10. The hypermetamorphosis of Mantispa, Meloë, Stylops, etc., indicate very plainly that the eruciform type of larva is derived from the campodeoid, since one and the same insect passes through these stages before reaching sexual maturity.
11. As observed by Miall, the larva of insects differs from that of other invertebrate animals in being larger than the adult.
12. The metamorphoses of insects are in some important respects paralleled by those of the Amphibia. The case of pædogenesis of Chironomus affords a parallel with that of the Siredon, or larva of Amblystoma. Also the organs and appendages of the insects, such as caterpillars, are present, just as the skeleton and other organs of the tadpole are the homologues of those of the adult, although these parts undergo a profound modification, and new structures are added. (See the discussion of this point by Miall, and by Hyatt and Arms.)

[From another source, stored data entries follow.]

lemma embed_zero: "\<iota> {\<zero>\<^bsub>M\<^esub>} = \<zero>\<^bsub>E\<^esub>"
  using embed_smult[of \<zero> "\<zero>\<^bsub>M\<^esub>"] embed_closed[of "\<zero>\<^bsub>M\<^esub>"] by simp

lemma embed_essential:
  assumes "submodule H R E" "H \<noteq> {\<zero>\<^bsub>E\<^esub>}"
  shows "\<exists>m\<in>carrier M. \<iota> {m} \<in> H \<and> \<iota> {m} \<noteq> \<zero>\<^bsub>E\<^esub>"
proof -
  have "\<zero>\<^bsub>E\<^esub> \<in> H \<inter> (\<lambda>m. \<iota> {m}) ` carrier M"
    using subgroup.one_closed[OF submodule.axioms(1)[OF assms(1)]] embed_zero by force
  moreover have "H \<inter> (\<lambda>m. \<iota> {m}) ` carrier M \<noteq> {\<zero>\<^bsub>E\<^esub>}"
    using envelope assms by (simp add: injective_envelope_def quot_mod_zero_simps[OF M_module] image_image)
  ultimately show ?thesis by blast
qed

lemma envelope_gv_annihilated_zero:
  assumes y: "y \<in> carrier E" and J: "gv_ideal R J" and kill: "\<forall>a\<in>J. a \<odot>\<^bsub>E\<^esub> y = \<zero>\<^bsub>E\<^esub>"
  shows "y = \<zero>\<^bsub>E\<^esub>"
proof (rule ccontr)
  assume "y \<noteq> \<zero>\<^bsub>E\<^esub>"
  then have "(\<lambda>r. r \<odot>\<^bsub>E\<^esub> y) ` carrier R \<noteq> {\<zero>\<^bsub>E\<^esub>}"
    using y by (auto intro!: image_eqI[of _ _ \<one>])
  then obtain m where "m \<in> carrier M" "\<iota> {m} \<in> (\<lambda>r. r \<odot>\<^bsub>E\<^esub> y) ` carrier R" "\<iota> {m} \<noteq> \<zero>\<^bsub>E\<^esub>"
    using embed_essential[OF E.cyclic_submodule[OF y]] by blast
  then obtain r where m: "m \<in> carrier M" "r \<in> carrier R" "\<iota> {m} = r \<odot>\<^bsub>E\<^esub> y" "\<iota> {m} \<noteq> \<zero>\<^bsub>E\<^esub>"
    by blast
  have "a \<odot>\<^bsub>M\<^esub> m = \<zero>\<^bsub>M\<^esub>" if a: "a \<in> J" for a
  proof -
    have aR: "a \<in> carrier R" using a gv_ideal_subset[OF is_cring J] by auto
    have "\<iota> {a \<odot>\<^bsub>M\<^esub> m} = a \<odot>\<^bsub>E\<^esub> (r \<odot>\<^bsub>E\<^esub> y)" using embed_smult aR m by simp
    also have "\<dots> = r \<odot>\<^bsub>E\<^esub> (a \<odot>\<^bsub>E\<^esub> y)"
      using aR m(2) y by (simp add: E.smult_assoc1[symmetric] m_comm)
    also have "\<dots> = \<iota> {\<zero>\<^bsub>M\<^esub>}" using kill a m(2) embed_zero by simp
    finally show ?thesis using embed_inj aR m(1) by simp
  qed
  then have "m \<in> tor_gv R M" using J m(1) unfolding tor_gv_def by blast
  then show False
    using w_module_gv_torsionfree[OF M_w_module] m(4) embed_zero by (simp add: gv_torsionfree_def)
qed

Theoretical conclusions; Causes of metamorphosis.—It results from a review of the known facts, together with reasonable inductions from such facts, that so far from opposing the theory of descent, the facts of metamorphosis, and particularly of hypermetamorphosis, seem to afford solid foundation for the theory. While natural selection was not the initiative cause, it plays a part as one of several factors; but the fundamental causes are the same as those which have controlled the origin of species and of the larger groups of animals in general. Owing to the struggle for existence, due to overcrowding, the early insects were forced to take to the air, acquiring wings to enable them to avoid the attacks of creeping and running insects. In the end the insects became, owing to this acquisition of wings, and afterwards to the establishment of a complicated metamorphosis, numerically the most successful type of life in existence, the number of species, extinct and living, mounting into the millions.
All aquatic insects are evidently the descendants of terrestrial forms, and the numberless contrivances and temporary larval organs, particularly of dipterous larvæ, are evidently adaptations to the needs of the insect during its aquatic life, and which are cast aside when the creature passes to a different medium. The sudden or tachygenic appearance of temporary structures, such as hatching spines, various setæ, spines, respiratory organs, so characteristic of dipterous larvæ, and of the protective colors and markings of caterpillars, and which are discarded at pupation, or imagination, are evidently due to the action of stimuli from without, to the primary neolamarckian factors, the characters proper to each larval stadium, and to the pupal and imaginal stadia,—characters probably acquired during the lifetime of the individual,—becoming finally fixed by homochronous heredity.